> _Items from a data source_:
lemma forces_mem_restrict_support:
  fixes \<rho> :: "'o::omega1 \<Rightarrow> 'o"
  assumes reg: "regressive \<rho>" and A: "rho_closed \<rho> A" and x: "supported_by \<rho> A x"
    and "q \<in> P1" and q: "forces_mem q m x"
  shows "forces_mem (q |` (A \<times> UNIV)) m x"
  unfolding forces_mem_def
proof (intro ballI impI)
  fix s assume "s \<in> P1" and s: "cle s (q |` (A \<times> UNIV))"
  have "\<forall>c\<in>dom s \<inter> dom q. fst c \<in> A \<longrightarrow> s c = q c"
    using s by (auto simp: cle_def map_le_def mem_Times_iff)
  then obtain \<phi> where \<pi>: "flip_cond \<phi> \<in> Fix \<rho> A" and compat: "\<forall>c\<in>dom s \<inter> dom q. flip_cond \<phi> s c = q c"
    using exists_Fix_flip_compatible[OF reg A \<open>s \<in> P1\<close>] by blast
  let ?\<pi> = "flip_cond \<phi>"
  define u where "u = q ++ ?\<pi> s"
  have "u \<in> P1"
    using \<open>s \<in> P1\<close> \<open>q \<in> P1\<close> by (simp add: u_def P1_def)
  moreover have "cle u q"
    using compat map_le_map_add_compatible[of q "?\<pi> s"] by (simp add: u_def cle_def)
  ultimately obtain u' t where "u' \<in> P1" "cle u' u" "(m, t) \<in> x" "cle u' t"
    using q by (auto simp: forces_mem_def)
  have "(m, ?\<pi> t) \<in> x"
    using mem_act_of_mem[OF \<open>(m, t) \<in> x\<close>, of ?\<pi>] x \<pi> by (simp add: supported_by_def)
  moreover have "cle (?\<pi> u') (?\<pi> t)"
    using \<open>cle u' t\<close> by (simp add: cle_def flip_cond_map_le)
  moreover have "cle (?\<pi> u') s"
  proof -
    have "?\<pi> s \<subseteq>\<^sub>m u'"
      using \<open>cle u' u\<close> unfolding u_def cle_def by (metis map_le_map_add map_le_trans)
    then show ?thesis
      using flip_cond_map_le[of "?\<pi> s" u' \<phi>] by (simp add: cle_def)
  qed
  ultimately show "\<exists>s'\<in>P1. cle s' s \<and> (\<exists>r. (m, r) \<in> x \<and> cle s' r)"
    using \<open>u' \<in> P1\<close> by (intro bexI[of _ "?\<pi> u'"]) auto
qed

> _What you need to do_:
In this exercise, repeat all entries exactly.

> _Response_:
lemma forces_mem_restrict_support:
  fixes \<rho> :: "'o::omega1 \<Rightarrow> 'o"
  assumes reg: "regressive \<rho>" and A: "rho_closed \<rho> A" and x: "supported_by \<rho> A x"
    and "q \<in> P1" and q: "forces_mem q m x"
  shows "forces_mem (q |` (A \<times> UNIV)) m x"
  unfolding forces_mem_def
proof (intro ballI impI)
  fix s assume "s \<in> P1" and s: "cle s (q |` (A \<times> UNIV))"
  have "\<forall>c\<in>dom s \<inter> dom q. fst c \<in> A \<longrightarrow> s c = q c"
    using s by (auto simp: cle_def map_le_def mem_Times_iff)
  then obtain \<phi> where \<pi>: "flip_cond \<phi> \<in> Fix \<rho> A" and compat: "\<forall>c\<in>dom s \<inter> dom q. flip_cond \<phi> s c = q c"
    using exists_Fix_flip_compatible[OF reg A \<open>s \<in> P1\<close>] by blast
  let ?\<pi> = "flip_cond \<phi>"
  define u where "u = q ++ ?\<pi> s"
  have "u \<in> P1"
    using \<open>s \<in> P1\<close> \<open>q \<in> P1\<close> by (simp add: u_def P1_def)
  moreover have "cle u q"
    using compat map_le_map_add_compatible[of q "?\<pi> s"] by (simp add: u_def cle_def)
  ultimately obtain u' t where "u' \<in> P1" "cle u' u" "(m, t) \<in> x" "cle u' t"
    using q by (auto simp: forces_mem_def)
  have "(m, ?\<pi> t) \<in> x"
    using mem_act_of_mem[OF \<open>(m, t) \<in> x\<close>, of ?\<pi>] x \<pi> by (simp add: supported_by_def)
  moreover have "cle (?\<pi> u') (?\<pi> t)"
    using \<open>cle u' t\<close> by (simp add: cle_def flip_cond_map_le)
  moreover have "cle (?\<pi> u') s"
  proof -
    have "?\<pi> s \<subseteq>\<^sub>m u'"
      using \<open>cle u' u\<close> unfolding u_def cle_def by (metis map_le_map_add map_le_trans)
    then show ?thesis
      using flip_cond_map_le[of "?\<pi> s" u' \<phi>] by (simp add: cle_def)
  qed
  ultimately show "\<exists>s'\<in>P1. cle s' s \<and> (\<exists>r. (m, r) \<in> x \<and> cle s' r)"
    using \<open>u' \<in> P1\<close> by (intro bexI[of _ "?\<pi> u'"]) auto
qed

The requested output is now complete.